Company bans Android due to security risks related to fragmentation - happyscrappy
http://wmpoweruser.com/company-bans-android-due-to-security-risks-related-to-fragmentation/
======
taylodl
I'm an enterprise architect heading up our mobility practice for an American-
based Fortune 200 company and we don't allowed Android devices on our network
precisely for security issues. They're allowed on our guest wireless network
that terminates outside our perimeter firewall, but that's it. That's not a
particularly popular choice as a have a BYOMD program that's effectively
restricted to Windows Mobile and iOS devices and a lot of our users have
Android devices and are miffed they can't use them.

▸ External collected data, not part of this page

lemma is_subsigma_binary_algebra:
  assumes "E \<in> Borel_Theta lo hi"
  shows "is_subsigma lo hi (sets (binary_algebra (Theta lo hi) E))"
proof -
  interpret sigma_algebra "Theta lo hi" "Borel_Theta lo hi"
    using is_subsigma_Borel_Theta by (simp add: is_subsigma_def)
  have "E \<subseteq> Theta lo hi"
    using assms sets_into_space by blast
  then show ?thesis
    using assms by (auto simp: is_subsigma_def sets_binary_algebra sigma_algebra_single_set)
qed

lemma assumption_D_self:
  assumes "assumption_D lo hi D" "is_subsigma lo hi A" "P \<in> Delta lo hi A"
  shows "D P P = 0"
  using assms unfolding assumption_D_def by blast

lemma assumption_D_continuous_mix:
  assumes "assumption_D lo hi D" "is_subsigma lo hi A" "P \<in> Delta lo hi A"
    and "density P f \<in> Delta lo hi A" "f \<in> borel_measurable P"
    and "\<And>x. x \<in> space P \<Longrightarrow> f x \<le> ennreal C"
  shows "continuous_on {0..1} (\<lambda>e. D (mix e (density P f) P) P)"
  using assms unfolding assumption_D_def by blast

lemma assumption_D_restr_le:
  assumes "assumption_D lo hi D" "is_subsigma lo hi A" "P \<in> Delta lo hi A" "Q \<in> Delta lo hi A"
    and "is_subsigma lo hi F" "F \<subseteq> A"
  shows "D (restr Q F) (restr P F) \<le> D Q P"
  using assms unfolding assumption_D_def by blast

lemma assumption_D_restr_eq:
  assumes "assumption_D lo hi D" "is_subsigma lo hi A" "P \<in> Delta lo hi A" "Q \<in> Delta lo hi A"
    and "is_subsigma lo hi F" "F \<subseteq> A" "absolutely_continuous P Q"
    and "AE x in P. RN_deriv (restr P F) (restr Q F) x = RN_deriv P Q x"
  shows "D (restr Q F) (restr P F) = D Q P"
  using assms unfolding assumption_D_def by blast

locale divergence_nontrivial_event =
  fixes lo hi :: real and D :: "real measure \<Rightarrow> real measure \<Rightarrow> ennreal"
    and P :: "real measure" and E :: "real set"
  assumes assumption_D: "assumption_D lo hi D"
    and P_in_Delta: "P \<in> Delta lo hi (Borel_Theta lo hi)"
    and E_Borel: "E \<in> Borel_Theta lo hi"
    and prob_E: "0 < measure P E" "measure P E < 1"
begin

lemma space_P: "space P = Theta lo hi" and sets_P: "sets P = Borel_Theta lo hi"
  using P_in_Delta by (simp_all add: Delta_def)

sublocale nontrivial_event P E
  using P_in_Delta E_Borel prob_E
  by (intro nontrivial_event.intro nontrivial_event_axioms.intro) (simp_all add: Delta_def)

lemma reweight_in_Delta: "0 \<le> t \<Longrightarrow> t \<le> 1 \<Longrightarrow> reweight P E t \<in> Delta lo hi (Borel_Theta lo hi)"
  using prob_space_reweight by (simp add: Delta_def space_P sets_P)

lemma divergence_reweight_le:
  assumes Q: "Q \<in> Delta lo hi (Borel_Theta lo hi)"
  shows "D (reweight P E (measure Q E)) P \<le> D Q P"
proof -
  define F where "F = binary_algebra (space P) E"
  define Q' where "Q' = reweight P E (measure Q E)"
  interpret Q: prob_space Q
    using Q by (simp add: Delta_def)
  have sets_Q: "sets Q = sets P"
    using Q by (simp add: Delta_def sets_P)
  have Q': "Q' \<in> Delta lo hi (Borel_Theta lo hi)"
    unfolding Q'_def by (simp add: reweight_in_Delta)
  have F: "is_subsigma lo hi (sets F)" "sets F \<subseteq> Borel_Theta lo hi"
    using is_subsigma_binary_algebra[OF E_Borel] subalgebra_binary_algebra
    by (simp_all add: F_def space_P sets_P subalgebra_def)
  have "absolutely_continuous P Q'"
    unfolding Q'_def reweight_def by (rule absolutely_continuousI_density) simp
  moreover have "AE x in P. RN_deriv (restr P (sets F)) (restr Q' (sets F)) x = RN_deriv P Q' x"
    using AE_RN_deriv_restr_to_subalg_reweight by (simp add: restr_eq_restr_to_subalg F_def Q'_def)
  ultimately have "D Q' P = D (restr Q' (sets F)) (restr P (sets F))"
    using assumption_D_restr_eq[OF assumption_D is_subsigma_Borel_Theta P_in_Delta Q' F] by simp
  also have "\<dots> = D (restr Q (sets F)) (restr P (sets F))"
    using restr_to_subalg_reweight[OF Q.prob_space_axioms sets_Q]
    by (simp add: restr_eq_restr_to_subalg F_def Q'_def)
  also have "\<dots> \<le> D Q P"
    by (rule assumption_D_restr_le[OF assumption_D is_subsigma_Borel_Theta P_in_Delta Q F])
  finally show ?thesis by (simp add: Q'_def)
qed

We've bent over backwards in our attempts to secure Android, all to no avail.
We've had Samsung onsite and worked with their Knox technology, and though
that came really close it ended up not panning out for all the security cases.

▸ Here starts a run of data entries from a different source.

definition max_discount :: "nat \<Rightarrow> 's \<Rightarrow> real" where
  "max_discount n = (discount_step ^^ n) (\<lambda>_. 1)"

lemma max_discount_0 [simp]: "max_discount 0 s = 1"
  by (simp add: max_discount_def)

lemma max_discount_Suc [simp]: "max_discount (Suc n) = discount_step (max_discount n)"
  by (simp add: max_discount_def)

lemma P_weighted_less_one:
  assumes "\<And>s'. x s' \<le> 1" "0 < P s a t" "x t < 1"
  shows "(\<Sum>s'\<in>UNIV. P s a s' * x s') < 1"
proof -
  have "(\<Sum>s'\<in>UNIV. P s a s' * x s') < (\<Sum>s'\<in>UNIV. P s a s')"
  proof (rule sum_strict_mono_ex1)
    show "\<forall>s'\<in>UNIV. P s a s' * x s' \<le> P s a s'"
      using assms(1) P_nonneg by (simp add: mult_left_le)
    show "\<exists>s'\<in>UNIV. P s a s' * x s' < P s a s'"
      using assms(2,3) by (intro bexI[of _ t]) auto
  qed simp
  then show ?thesis using P_sum by simp
qed

lemma discount_step_mono:
  assumes "\<And>s. d s \<le> e s"
  shows "discount_step d s \<le> discount_step e s"
  unfolding discount_step_def Max_range_le_iff
proof
  fix a
  have "(\<Sum>s'\<in>UNIV. P s a s' * \<gamma> s' * d s') \<le> (\<Sum>s'\<in>UNIV. P s a s' * \<gamma> s' * e s')"
    by (intro sum_mono mult_left_mono) (simp_all add: assms P_nonneg discount_nonneg)
  also have "\<dots> \<le> (MAX a. \<Sum>s'\<in>UNIV. P s a s' * \<gamma> s' * e s')"
    by (rule Max_range_ge)
  finally show "(\<Sum>s'\<in>UNIV. P s a s' * \<gamma> s' * d s') \<le> \<dots>" .
qed

lemma discount_step_scale_le:
  assumes "0 \<le> m"
  shows "discount_step (\<lambda>s. m * d s) s \<le> m * discount_step d s"
  unfolding discount_step_def Max_range_le_iff
proof
  fix a
  have "(\<Sum>s'\<in>UNIV. P s a s' * \<gamma> s' * (m * d s')) = m * (\<Sum>s'\<in>UNIV. P s a s' * \<gamma> s' * d s')"
    by (simp add: sum_distrib_left algebra_simps)
  also have "\<dots> \<le> m * (MAX a. \<Sum>s'\<in>UNIV. P s a s' * \<gamma> s' * d s')"
    by (rule mult_left_mono[OF Max_range_ge assms])
  finally show "(\<Sum>s'\<in>UNIV. P s a s' * \<gamma> s' * (m * d s')) \<le> \<dots>" .
qed

lemma max_discount_bounds: "0 \<le> max_discount n s \<and> max_discount n s \<le> 1"
proof (induction n arbitrary: s)
  case (Suc n)
  have "0 \<le> P s a s' * \<gamma> s' * max_discount n s'" "P s a s' * \<gamma> s' * max_discount n s' \<le> P s a s'"
    for a s'
  proof -
    have "0 \<le> \<gamma> s' * max_discount n s'" "\<gamma> s' * max_discount n s' \<le> 1"
      using Suc discount_nonneg[of s'] discount_le_one[of s'] by (simp_all add: mult_le_one)
    then show "0 \<le> P s a s' * \<gamma> s' * max_discount n s'" "P s a s' * \<gamma> s' * max_discount n s' \<le> P s a s'"
      using P_nonneg[of s a s'] by (simp_all add: mult.assoc mult_left_le)
  qed
  then have lo: "0 \<le> (\<Sum>s'\<in>UNIV. P s a s' * \<gamma> s' * max_discount n s')"
    and hi: "(\<Sum>s'\<in>UNIV. P s a s' * \<gamma> s' * max_discount n s') \<le> 1" for a
    using sum_mono[of UNIV "\<lambda>s'. P s a s' * \<gamma> s' * max_discount n s'" "P s a"] P_sum[of s a]
    by (auto intro: sum_nonneg)
  have "0 \<le> discount_step (max_discount n) s"
    unfolding discount_step_def using lo Max_range_ge by (rule order.trans)
  then show ?case
    using hi by (simp add: discount_step_def Max_range_le_iff)
qed simp

lemma max_discount_antimono:
  assumes "m \<le> n"
  shows "max_discount n s \<le> max_discount m s"
proof -
  have Suc_le: "max_discount (Suc k) s \<le> max_discount k s" for k s
  proof (induction k arbitrary: s)
    case 0
    then show ?case using max_discount_bounds[of 1 s] by simp
  next
    case (Suc k)
    then show ?case using discount_step_mono by simp
  qed
  from assms show ?thesis
    by (induction n rule: dec_induct) (auto intro: order.trans[OF Suc_le] simp del: max_discount_Suc)
qed

lemma bellman_diff_le:
  "\<bar>bellman P R \<gamma> Q1 s a - bellman P R \<gamma> Q2 s a\<bar> \<le> (\<Sum>s'\<in>UNIV. P s a s' * \<gamma> s' * sup_dist_at Q1 Q2 s')"
proof -
  have "bellman P R \<gamma> Q1 s a - bellman P R \<gamma> Q2 s a
      = (\<Sum>s'\<in>UNIV. P s a s' * \<gamma> s' * ((MAX a'. Q1 s' a') - (MAX a'. Q2 s' a')))"
    unfolding bellman_def sum_subtractf[symmetric] by (rule sum.cong) (auto simp: algebra_simps)
  also have "\<bar>\<dots>\<bar> \<le> (\<Sum>s'\<in>UNIV. \<bar>P s a s' * \<gamma> s' * ((MAX a'. Q1 s' a') - (MAX a'. Q2 s' a'))\<bar>)"
    by (rule sum_abs)
  also have "\<dots> \<le> (\<Sum>s'\<in>UNIV. P s a s' * \<gamma> s' * sup_dist_at Q1 Q2 s')"
  proof (rule sum_mono)
    fix s'
    have "0 \<le> P s a s' * \<gamma> s'"
      using P_nonneg discount_nonneg by simp
    then show "\<bar>P s a s' * \<gamma> s' * ((MAX a'. Q1 s' a') - (MAX a'. Q2 s' a'))\<bar>
        \<le> P s a s' * \<gamma> s' * sup_dist_at Q1 Q2 s'"
      unfolding abs_mult sup_dist_at_def using abs_Max_diff_le[of "Q1 s'" "Q2 s'"]
      by (simp add: mult_left_mono abs_of_nonneg P_nonneg discount_nonneg)
  qed
  finally show ?thesis .
qed

lemma sup_dist_at_bellman_le:
  "sup_dist_at (bellman P R \<gamma> Q1) (bellman P R \<gamma> Q2) s \<le> discount_step (sup_dist_at Q1 Q2) s"
  unfolding sup_dist_at_def[of "bellman P R \<gamma> Q1"] Max_range_le_iff
proof
  fix a
  show "\<bar>bellman P R \<gamma> Q1 s a - bellman P R \<gamma> Q2 s a\<bar> \<le> discount_step (sup_dist_at Q1 Q2) s"
    using bellman_diff_le[of R Q1 s a Q2] unfolding discount_step_def
    by (rule order.trans[OF _ Max_range_ge])
qed

lemma sup_dist_at_bellman_iter_le:
  "sup_dist_at ((bellman P R \<gamma> ^^ n) Q1) ((bellman P R \<gamma> ^^ n) Q2) s \<le> sup_dist Q1 Q2 * max_discount n s"
proof (induction n arbitrary: s)
  case 0
  then show ?case by (simp add: sup_dist_at_le_sup_dist)
next
  case (Suc n)
  have "sup_dist_at ((bellman P R \<gamma> ^^ Suc n) Q1) ((bellman P R \<gamma> ^^ Suc n) Q2) s
      \<le> discount_step (sup_dist_at ((bellman P R \<gamma> ^^ n) Q1) ((bellman P R \<gamma> ^^ n) Q2)) s"
    using sup_dist_at_bellman_le by simp
  also have "\<dots> \<le> discount_step (\<lambda>s. sup_dist Q1 Q2 * max_discount n s) s"
    by (rule discount_step_mono) (rule Suc)
  also have "\<dots> \<le> sup_dist Q1 Q2 * max_discount (Suc n) s"
    using discount_step_scale_le[OF sup_dist_nonneg] by simp
  finally show ?case .
qed

lemma sup_dist_bellman_iter_le:
  assumes "\<And>s. max_discount n s \<le> c"
  shows "sup_dist ((bellman P R \<gamma> ^^ n) Q1) ((bellman P R \<gamma> ^^ n) Q2) \<le> c * sup_dist Q1 Q2"
  unfolding sup_dist_def[of "(bellman P R \<gamma> ^^ n) Q1"] Max_range_le_iff
proof
  fix s
  show "sup_dist_at ((bellman P R \<gamma> ^^ n) Q1) ((bellman P R \<gamma> ^^ n) Q2) s \<le> c * sup_dist Q1 Q2"
    by (rule order.trans[OF sup_dist_at_bellman_iter_le])
      (metis mult.commute mult_left_mono[OF assms sup_dist_nonneg])
qed

lemma sup_dist_bellman_iter_le_power:
  assumes contraction: "\<And>s. max_discount N s \<le> c"
  shows "sup_dist ((bellman P R \<gamma> ^^ n) Q1) ((bellman P R \<gamma> ^^ n) Q2) \<le> c ^ (n div N) * sup_dist Q1 Q2"
proof -
  let ?B = "bellman P R \<gamma>"
  have c: "0 \<le> c"
    using max_discount_bounds contraction by (rule order.trans[OF conjunct1])
  have "sup_dist ((?B ^^ (k * N + r)) Q1) ((?B ^^ (k * N + r)) Q2) \<le> c ^ k * sup_dist Q1 Q2" for k r
  proof (induction k)
    case 0
    show ?case
      using sup_dist_bellman_iter_le[of r 1] max_discount_bounds by simp
  next
    case (Suc k)
    have "sup_dist ((?B ^^ (Suc k * N + r)) Q1) ((?B ^^ (Suc k * N + r)) Q2)
        = sup_dist ((?B ^^ N) ((?B ^^ (k * N + r)) Q1)) ((?B ^^ N) ((?B ^^ (k * N + r)) Q2))"
      by (simp add: funpow_add add.assoc)
    also have "\<dots> \<le> c * sup_dist ((?B ^^ (k * N + r)) Q1) ((?B ^^ (k * N + r)) Q2)"
      by (rule sup_dist_bellman_iter_le[OF contraction])
    also have "\<dots> \<le> c * (c ^ k * sup_dist Q1 Q2)"
      by (rule mult_left_mono[OF Suc c])
    finally show ?case
      by simp
  qed
  from this[of "n div N" "n mod N"] show ?thesis
    by simp
qed

lemma bellman_fixpoint_unique:
  assumes contraction: "\<And>s. max_discount N s \<le> c" and "c < 1"
    and fixpoints: "bellman P R \<gamma> Q1 = Q1" "bellman P R \<gamma> Q2 = Q2"
  shows "Q1 = Q2"
proof -
  have "(bellman P R \<gamma> ^^ N) Q = Q" if "bellman P R \<gamma> Q = Q" for Q
    using that by (induction N) auto
  then have "sup_dist Q1 Q2 \<le> c * sup_dist Q1 Q2"
    using sup_dist_bellman_iter_le[OF contraction, of R Q1 Q2] fixpoints by simp
  then have "sup_dist Q1 Q2 \<le> 0"
    using \<open>c < 1\<close> sup_dist_nonneg[of Q1 Q2] by (smt (verit) mult_le_cancel_right1)
  then show ?thesis
    by (rule sup_dist_le_0_imp_eq)
qed

lemma bellman_iter_converges:
  assumes contraction: "\<And>s. max_discount N s \<le> c" and "c < 1"
  obtains L where "bellman P R \<gamma> L = L" "\<And>s a. (\<lambda>n. (bellman P R \<gamma> ^^ n) Q0 s a) \<longlonglongrightarrow> L s a"
proof -
  let ?B = "bellman P R \<gamma>"
  let ?Q = "\<lambda>n. (?B ^^ n) Q0"
  have "0 < N"
    using contraction[of undefined] \<open>c < 1\<close> by (cases N) auto
  have "0 \<le> c"
    using max_discount_bounds contraction by (rule order.trans[OF conjunct1])
  have "convergent (\<lambda>n. ?Q n s a)" for s a
  proof (rule convergent_if_summable_diff, rule summable_comparison_test')
    show "summable (\<lambda>n. c ^ (n div N) * sup_dist (?B Q0) Q0)"
      using summable_power_div[OF \<open>0 \<le> c\<close> \<open>c < 1\<close> \<open>0 < N\<close>] by (rule summable_mult2)
    fix n
    have "norm (?Q (Suc n) s a - ?Q n s a) \<le> sup_dist ((?B ^^ n) (?B Q0)) ((?B ^^ n) Q0)"
      unfolding real_norm_def funpow_Suc_right comp_apply by (rule abs_diff_le_sup_dist)
    also have "\<dots> \<le> c ^ (n div N) * sup_dist (?B Q0) Q0"
      by (rule sup_dist_bellman_iter_le_power[OF contraction])
    finally show "norm (?Q (Suc n) s a - ?Q n s a) \<le> c ^ (n div N) * sup_dist (?B Q0) Q0" .
  qed
  then have L: "(\<lambda>n. ?Q n s a) \<longlonglongrightarrow> lim (\<lambda>n. ?Q n s a)" for s a
    by (simp add: convergent_LIMSEQ_iff)
  define L where "L s a = lim (\<lambda>n. ?Q n s a)" for s a
  have "?B L s a = L s a" for s a
  proof (rule LIMSEQ_unique)
    show "(\<lambda>n. ?B (?Q n) s a) \<longlonglongrightarrow> ?B L s a"
      using L unfolding L_def by (rule tendsto_bellman)
    show "(\<lambda>n. ?B (?Q n) s a) \<longlonglongrightarrow> L s a"
      using LIMSEQ_Suc[OF L[of s a]] unfolding L_def by simp
  qed
  then show ?thesis
    using that L unfolding L_def by blast
qed

lemma P_row_pos: "\<exists>s'. 0 < P s a s'"
  using sum_pos_imp_ex_pos[of "P s a" UNIV] P_sum by simp

lemma max_discount_stuck_successor:
  assumes stuck: "\<forall>n. max_discount n s = 1"
  shows "\<exists>a. \<forall>s'. 0 < P s a s' \<longrightarrow> \<gamma> s' = 1 \<and> (\<forall>n. max_discount n s' = 1)"
proof (rule ccontr)
  assume no_action: "\<not> ?thesis"
  have "\<exists>s' n. 0 < P s a s' \<and> \<gamma> s' * max_discount n s' < 1" for a
  proof -
    obtain s' n where s': "0 < P s a s'" "\<gamma> s' \<noteq> 1 \<or> max_discount n s' \<noteq> 1"
      using no_action by (metis max_discount_0)
    have "\<gamma> s' * max_discount n s' \<le> \<gamma> s'" "\<gamma> s' * max_discount n s' \<le> max_discount n s'"
      using max_discount_bounds[of n s'] discount_nonneg[of s'] discount_le_one[of s']
      by (simp_all add: mult_left_le mult_left_le_one_le)
    then have "\<gamma> s' * max_discount n s' < 1"
      using s'(2) max_discount_bounds[of n s'] discount_le_one[of s'] by linarith
    then show ?thesis
      using s'(1) by blast
  qed
  then obtain t m where tm: "\<And>a. 0 < P s a (t a) \<and> \<gamma> (t a) * max_discount (m a) (t a) < 1"
    by metis
  define n where "n = (MAX a. m a)"
  have "(\<Sum>s'\<in>UNIV. P s a s' * (\<gamma> s' * max_discount n s')) < 1" for a
  proof (rule P_weighted_less_one)
    show "\<gamma> s' * max_discount n s' \<le> 1" for s'
      using max_discount_bounds discount_nonneg discount_le_one by (simp add: mult_le_one)
    have "\<gamma> (t a) * max_discount n (t a) \<le> \<gamma> (t a) * max_discount (m a) (t a)"
      unfolding n_def using max_discount_antimono[OF Max_range_ge] discount_nonneg
      by (rule mult_left_mono)
    then show "\<gamma> (t a) * max_discount n (t a) < 1"
      using tm by (meson le_less_trans)
  qed (use tm in blast)
  then have "max_discount (Suc n) s < 1"
    by (simp add: discount_step_def Max_range_less_iff mult.assoc)
  with stuck show False
    by (metis less_irrefl)
qed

Google could be ceding a lot by ignoring the corporate market. Now that we're
building native iOS apps guess what? We're buying lots of iMacs. Two years ago
that would have been unheard of. Heck a year ago that would have been unheard
of. Now here I am with a shiny new iMac on my desk and VMware Fusion to
simultaneously run Windows. The story just dropped a couple of days ago that
IBM is purchasing 50,000+ Macs from Apple, which also would have been unheard
of a couple of years ago.

I don't have an axe to grind against Android and would love for my users to be
able to use their Android devices but it just isn't there. I'm really quite
surprised how Google has dropped the ball in this space.

------
PaulHoule
It's astonishing how the media has suppressed the story of the Android 5
failure, which was much worse than the Windows 8 failure.

I installed Android 5 on my Nexus tablet and immediately found the tablet was
half as fast, the WiFi unreliable, and all sorts of other problems. All for
the tinfoil hat protection against the NSA, using cryptography without
appropriate hardware acceleration.

Vendors have not moved to Android 5 because of these problems but you never
heard of it because the news media is much more afraid of Google than they
were afraid of Microsoft back in its day -- Google can make their traffic drop
and make their ad revenue go away.

------
krisgenre
65% of Android devices using less than Jellybean version? Where did they get
that info?